On dokuzuncu yüzyılın sonlarına doğru, Avrupa sanat ve edebiyatında yeni bir fenomen ortaya çıktı. Çöküş olarak bilinir hale geldi. Ne olduğunu? Fransızca'dan (veya hatta ortaçağ Latince'den) çevrilen bu kelime, "gün batımı", "düşüş" anlamına gelir. Başlangıçta tarihçiler tarafından antik çağda geç Roma kültüründe gelişen durumu anlatmak için kullanılmıştır.
Ama sonra sanatçıların kendileri bu terimi benimsediler, ardından biraz farklı bir anlam kazandı. Decadence, dar görüşlülüğe ve saygın şehirlilere karşı özel bir şey olarak görülmeye başlandı. Rus sanatında ve edebiyat eleştirisinde genellikle farklı bir terim kullanılır. Bu "çöküş".
Görsel sanatlarda, yeni fenomenin destekçileri ve yandaşları, genellikle akademizm gibi popüler ve genel kabul görmüş bir tarzın resmileştirilmesine karşı çıktılar. Çöküşün temsilcileri aslında modernistlerdi ve kendilerine göre modern kültürün karmaşık ve çoğu zaman çelişkili doğasıyla daha uyumlu olan yeni biçimlerin özlemini çekiyorlardı. Ayrıca bu tarzda yazan yazarlar ve şairler sınırsız kendini ifade etme çabası içinde olmuştur. Toplumun kaderiyle değil, kişisel varoluş sorunlarıyla ya da daha doğrusu onunuzuvlar. Çöküşü sıklıkla ölümle ilişkilendirmemize şaşmamalı.
Kelimenin anlamı elbette değişti ve günümüz kültüründe çirkinlik, hüzün ve korku içinde bir tür kendinden geçme anlamına geliyor. Tek kelimeyle, sözde Gotlar için değerli olan şey. Ancak o günlerde şairler, sanatçılar ve yazarlar sadece “ölüm sever” olmayı arzu etmiyorlardı.

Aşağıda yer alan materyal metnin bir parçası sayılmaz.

section \<open>The product star\<close>

lemma star_edgesI1:
  "(A,B) \<in> \<alpha> \<Longrightarrow> u \<in> T ` A \<union> M ` B \<Longrightarrow> v \<in> T ` A \<union> M ` B \<Longrightarrow> (u,v) \<in> star_edges \<alpha> \<beta>"
  unfolding star_edges_def by blast

lemma star_edgesI2:
  "(B,D) \<in> \<beta> \<Longrightarrow> u \<in> M ` B \<union> Bt ` D \<Longrightarrow> v \<in> M ` B \<union> Bt ` D \<Longrightarrow> (u,v) \<in> star_edges \<alpha> \<beta>"
  unfolding star_edges_def by blast

lemma star_edgesE:
  assumes "(u,v) \<in> star_edges \<alpha> \<beta>"
  obtains A B where "(A,B) \<in> \<alpha>" "u \<in> T ` A \<union> M ` B" "v \<in> T ` A \<union> M ` B"
  | B D where "(B,D) \<in> \<beta>" "u \<in> M ` B \<union> Bt ` D" "v \<in> M ` B \<union> Bt ` D"
  using assms unfolding star_edges_def by blast

lemma sym_star_edges: "sym (star_edges \<alpha> \<beta>)"
proof (rule symI)
  fix u v assume "(u,v) \<in> star_edges \<alpha> \<beta>"
  then show "(v,u) \<in> star_edges \<alpha> \<beta>"
    by (cases rule: star_edgesE) (simp_all add: star_edgesI1 star_edgesI2)
qed

lemma star_class_eq:
  assumes "v \<in> star_class \<alpha> \<beta> u"
  shows "star_class \<alpha> \<beta> v = star_class \<alpha> \<beta> u"
proof -
  have uv: "(u,v) \<in> (star_edges \<alpha> \<beta>)\<^sup>*" using assms unfolding star_class_def by simp
  then have vu: "(v,u) \<in> (star_edges \<alpha> \<beta>)\<^sup>*" by (rule symD[OF sym_rtrancl[OF sym_star_edges]])
  show ?thesis
    unfolding star_class_def by (intro Collect_cong) (meson rtrancl_trans uv vu)
qed

lemma star_class_self: "u \<in> star_class \<alpha> \<beta> u"
  unfolding star_class_def by simp

lemma star_class_eqI:
  assumes closed: "\<And>v w. v \<in> K \<Longrightarrow> (v,w) \<in> star_edges \<alpha> \<beta> \<Longrightarrow> w \<in> K"
    and hub: "\<And>v. v \<in> K \<Longrightarrow> (v,h) \<in> (star_edges \<alpha> \<beta>)\<^sup>*"
    and u: "u \<in> K"
  shows "star_class \<alpha> \<beta> u = K"
proof
  show "star_class \<alpha> \<beta> u \<subseteq> K"
  proof
    fix v assume "v \<in> star_class \<alpha> \<beta> u"
    then have "(u,v) \<in> (star_edges \<alpha> \<beta>)\<^sup>*" unfolding star_class_def by simp
    then show "v \<in> K" by (induction rule: rtrancl_induct) (use u closed in blast)+
  qed
  show "K \<subseteq> star_class \<alpha> \<beta> u"
  proof
    fix v assume "v \<in> K"
    then have "(h,v) \<in> (star_edges \<alpha> \<beta>)\<^sup>*"
      using symD[OF sym_rtrancl[OF sym_star_edges] hub] by blast
    then show "v \<in> star_class \<alpha> \<beta> u"
      using hub[OF u] unfolding star_class_def by (simp add: rtrancl_trans)
  qed
qed

lemma is_point_simps [simp]:
  "is_point X \<alpha> \<beta> (T x) \<longleftrightarrow> x \<in> X \<and> (\<forall>(A,B)\<in>\<alpha>. x \<notin> A)"
  "is_point X \<alpha> \<beta> (M y) \<longleftrightarrow> y \<in> X \<and> ((\<forall>(A,B)\<in>\<alpha>. y \<notin> B) \<or> (\<forall>(B,D)\<in>\<beta>. y \<notin> B))"
  "is_point X \<alpha> \<beta> (Bt z) \<longleftrightarrow> z \<in> X \<and> (\<forall>(B,D)\<in>\<beta>. z \<notin> D)"
  unfolding is_point_def by auto

lemma star_memI:
  assumes "u \<in> T ` X \<union> Bt ` X" "\<forall>w\<in>star_class \<alpha> \<beta> u. \<not> is_point X \<alpha> \<beta> w"
    "{x\<in>X. T x \<in> star_class \<alpha> \<beta> u} \<noteq> {}" "{x\<in>X. Bt x \<in> star_class \<alpha> \<beta> u} \<noteq> {}"
  shows "({x\<in>X. T x \<in> star_class \<alpha> \<beta> u}, {x\<in>X. Bt x \<in> star_class \<alpha> \<beta> u}) \<in> star X \<alpha> \<beta>"
  unfolding star_def using assms by blast

lemma star_memE:
  assumes "p \<in> star X \<alpha> \<beta>"
  obtains u where "u \<in> T ` X \<union> Bt ` X" "\<forall>w\<in>star_class \<alpha> \<beta> u. \<not> is_point X \<alpha> \<beta> w"
    "p = ({x\<in>X. T x \<in> star_class \<alpha> \<beta> u}, {x\<in>X. Bt x \<in> star_class \<alpha> \<beta> u})"
    "{x\<in>X. T x \<in> star_class \<alpha> \<beta> u} \<noteq> {}" "{x\<in>X. Bt x \<in> star_class \<alpha> \<beta> u} \<noteq> {}"
  using assms unfolding star_def by blast

lemma star_eq_traces:
  fixes \<K> :: "'a lvl set set"
  assumes closed: "\<And>K v w. K \<in> \<K> \<Longrightarrow> v \<in> K \<Longrightarrow> (v,w) \<in> star_edges \<alpha> \<beta> \<Longrightarrow> w \<in> K"
    and hub: "\<And>K. K \<in> \<K> \<Longrightarrow> \<exists>h. \<forall>v\<in>K. (v,h) \<in> (star_edges \<alpha> \<beta>)\<^sup>*"
    and point_free: "\<And>K w. K \<in> \<K> \<Longrightarrow> w \<in> K \<Longrightarrow> \<not> is_point X \<alpha> \<beta> w"
    and exhaustive: "\<And>u. u \<in> T ` X \<union> Bt ` X \<Longrightarrow> \<forall>w\<in>star_class \<alpha> \<beta> u. \<not> is_point X \<alpha> \<beta> w
      \<Longrightarrow> \<exists>K\<in>\<K>. u \<in> K"
    and traces: "\<And>K. K \<in> \<K> \<Longrightarrow> {x\<in>X. T x \<in> K} \<noteq> {} \<and> {x\<in>X. Bt x \<in> K} \<noteq> {}"
  shows "star X \<alpha> \<beta> = (\<lambda>K. ({x\<in>X. T x \<in> K}, {x\<in>X. Bt x \<in> K})) ` \<K>"
proof -
  have class_eq: "star_class \<alpha> \<beta> u = K" if K: "K \<in> \<K>" and u: "u \<in> K" for K u
  proof -
    obtain h where "\<forall>v\<in>K. (v,h) \<in> (star_edges \<alpha> \<beta>)\<^sup>*" using hub[OF K] by blast
    then show ?thesis by (intro star_class_eqI[where h = h and K = K]) (use closed[OF K] u in auto)
  qed
  show ?thesis
  proof (intro set_eqI iffI)
    fix p assume "p \<in> star X \<alpha> \<beta>"
    then obtain u where u: "u \<in> T ` X \<union> Bt ` X" "\<forall>w\<in>star_class \<alpha> \<beta> u. \<not> is_point X \<alpha> \<beta> w"
      "p = ({x\<in>X. T x \<in> star_class \<alpha> \<beta> u}, {x\<in>X. Bt x \<in> star_class \<alpha> \<beta> u})"
      by (rule star_memE)
    obtain K where "K \<in> \<K>" "u \<in> K" using exhaustive[OF u(1,2)] by blast
    then show "p \<in> (\<lambda>K. ({x\<in>X. T x \<in> K}, {x\<in>X. Bt x \<in> K})) ` \<K>"
      using u(3) class_eq by simp
  next
    fix p assume "p \<in> (\<lambda>K. ({x\<in>X. T x \<in> K}, {x\<in>X. Bt x \<in> K})) ` \<K>"
    then obtain K where K: "K \<in> \<K>" "p = ({x\<in>X. T x \<in> K}, {x\<in>X. Bt x \<in> K})" by blast
    then obtain x where x: "x \<in> X" "T x \<in> K" using traces by blast
    have "star_class \<alpha> \<beta> (T x) = K" using class_eq[OF K(1) x(2)] .
    then show "p \<in> star X \<alpha> \<beta>"
      using star_memI[of "T x" X \<alpha> \<beta>] x(1) K point_free traces by auto
  qed
qed

definition bip_preimage :: "'a bip \<Rightarrow> 'a set \<Rightarrow> 'a set" where
  "bip_preimage \<alpha> B = \<Union>{A. \<exists>B'. (A,B') \<in> \<alpha> \<and> B' \<subseteq> B}"

lemma mem_bip_preimage: "x \<in> bip_preimage \<alpha> B \<longleftrightarrow> (\<exists>A B'. (A,B') \<in> \<alpha> \<and> B' \<subseteq> B \<and> x \<in> A)"
  unfolding bip_preimage_def by blast

(* If every top block of beta is a union of bottom blocks of alpha, these are the classes of
   the glued graph through the lines (B,D) of beta. *)
definition star_component :: "'a bip \<Rightarrow> 'a set \<times> 'a set \<Rightarrow> 'a lvl set" where
  "star_component \<alpha> = (\<lambda>(B,D). T ` bip_preimage \<alpha> B \<union> M ` B \<union> Bt ` D)"

lemma mem_star_component [simp]:
  "T x \<in> star_component \<alpha> (B,D) \<longleftrightarrow> x \<in> bip_preimage \<alpha> B"
  "M y \<in> star_component \<alpha> (B,D) \<longleftrightarrow> y \<in> B"
  "Bt z \<in> star_component \<alpha> (B,D) \<longleftrightarrow> z \<in> D"
  unfolding star_component_def by auto

context
  fixes X :: "'a set" and \<alpha> \<beta> :: "'a bip"
  assumes \<alpha>: "\<alpha> \<in> PX X" and \<beta>: "\<beta> \<in> PX X" and cov: "covered_by (dom_of \<beta>) (ran_of \<alpha>)"
begin

lemma ran_block_subset_if_meet:
  assumes "(A,B) \<in> \<alpha>" "(B',D) \<in> \<beta>" "y \<in> B" "y \<in> B'"
  shows "B \<subseteq> B'"
proof -
  have "B' \<in> dom_of \<beta>" "B \<in> ran_of \<alpha>" using assms(1,2) unfolding dom_of_def ran_of_def by blast+
  then obtain B'' where B'': "B'' \<in> ran_of \<alpha>" "y \<in> B''" "B'' \<subseteq> B'"
    using covered_byE[OF cov _ assms(4)] by blast
  have "B'' = B"
    by (rule partition_on_block_eq[OF partition_on_ran_of[OF \<alpha>] B''(1) \<open>B \<in> ran_of \<alpha>\<close> B''(2) assms(3)])
  with B''(3) show ?thesis by simp
qed

lemma star_component_closed:
  assumes BD: "(B,D) \<in> \<beta>" and v: "v \<in> star_component \<alpha> (B,D)" and e: "(v,w) \<in> star_edges \<alpha> \<beta>"
  shows "w \<in> star_component \<alpha> (B,D)"
  using e
proof (cases rule: star_edgesE)
  case (1 A1 B1)
  have "B1 \<subseteq> B"
  proof (cases v)
    case (T x)
    with 1 v obtain A2 B2 where "(A2,B2) \<in> \<alpha>" "B2 \<subseteq> B" "x \<in> A2" "x \<in> A1"
      by (auto simp: mem_bip_preimage)
    then show ?thesis using PX_eq_if_fst_meet[OF \<alpha> 1(1)] by blast
  next
    case (M y)
    with 1 v show ?thesis using ran_block_subset_if_meet[OF 1(1) BD] by auto
  next
    case (Bt z)
    with 1 show ?thesis by auto
  qed
  then have "T ` A1 \<union> M ` B1 \<subseteq> star_component \<alpha> (B,D)"
    using 1(1) unfolding star_component_def bip_preimage_def by auto
  with 1 show ?thesis by blast
next
  case (2 B1 D1)
  have "B1 = B \<and> D1 = D"
  proof (cases v)
    case (T x)
    with 2 show ?thesis by auto
  next
    case (M y)
    with 2 v show ?thesis using PX_eq_if_fst_meet[OF \<beta> 2(1) BD] by auto
  next
    case (Bt z)
    with 2 v show ?thesis using PX_eq_if_snd_meet[OF \<beta> 2(1) BD] by auto
  qed
  with 2 show ?thesis unfolding star_component_def by auto
qed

Ayrıca bu oldukça tabu konuyu "filistenler" tarafından açmaya çalıştılar.
Ve kendimize şöyle diyoruz: çöküş… nedir? Bu fenomen nereden geldi ve ne anlama geliyor? Sadece ona bir etiket yapıştırmaya değil, bu insanlara neden genellikle ahlaksız denildiğini anlamaya çalışıyoruz. Sonuçta, bunlar büyük yaratıcılar - Verlaine, Oscar Wilde, Edgar Allan Poe, Theophile Gauthier … Belki de çoğu, çağdaş toplumlarının ahlaki normlarının da modası geçmiş ve resmi kategorilere dönüştürüldüğüne inandıkları için. Ve belki de bu normlar genişleme gerektiriyordu. Oscar Wilde gibi çökmekte olan şairlerin kötülükten etkilendiğine yaygın olarak inanılır. Ancak bu yazar ve estetik, eşcinsel eğilimleri için gerçekten acı çekti. Ve bugün birçok insan hakları aktivisti, bu tür insanların kendini gerçekleştirme fırsatına sahip olması gerektiğini savunuyor.
Çöküş… Nedir bu? 19. yüzyılın ünlü filozofu Friedrich Nietzsche'nin kendisine sorduğu tam da budur. Bunu da şöyle yanıtladı: Kültürün öldüğü, tam tersi olduğu, insanın yaşama ve iktidara olan iradesini yitirdiği, zayıfladığı zamanlardır. Spengler tarafından yankılandı. Modern Avrupa kültürü,gün batımı ve tüm ana pozisyonlarını kaybeder. Ancak yirminci yüzyıl bize bu belirsiz olgunun sadece bir değişimin habercisi olduğunu göstermiştir. Belki de yandaşları şiddetli bir krizin, dünya savaşlarının ve ayaklanmaların yaklaştığını hissettiler. Sonuçta, ahlakımız gerçekten değişti. Ve şimdi "çöküş" kelimesi tekrar moda oldu. Bu modern insan için ne anlama geliyor? Bazıları için bu, 19. yüzyılın sanatına, birileri için - ölümün coşkusu ve biri için - sadece Agatha Christie grubunun bir albümü için bir tutku. Çoğulculuk çağında yaşıyoruz. Seçim bizim.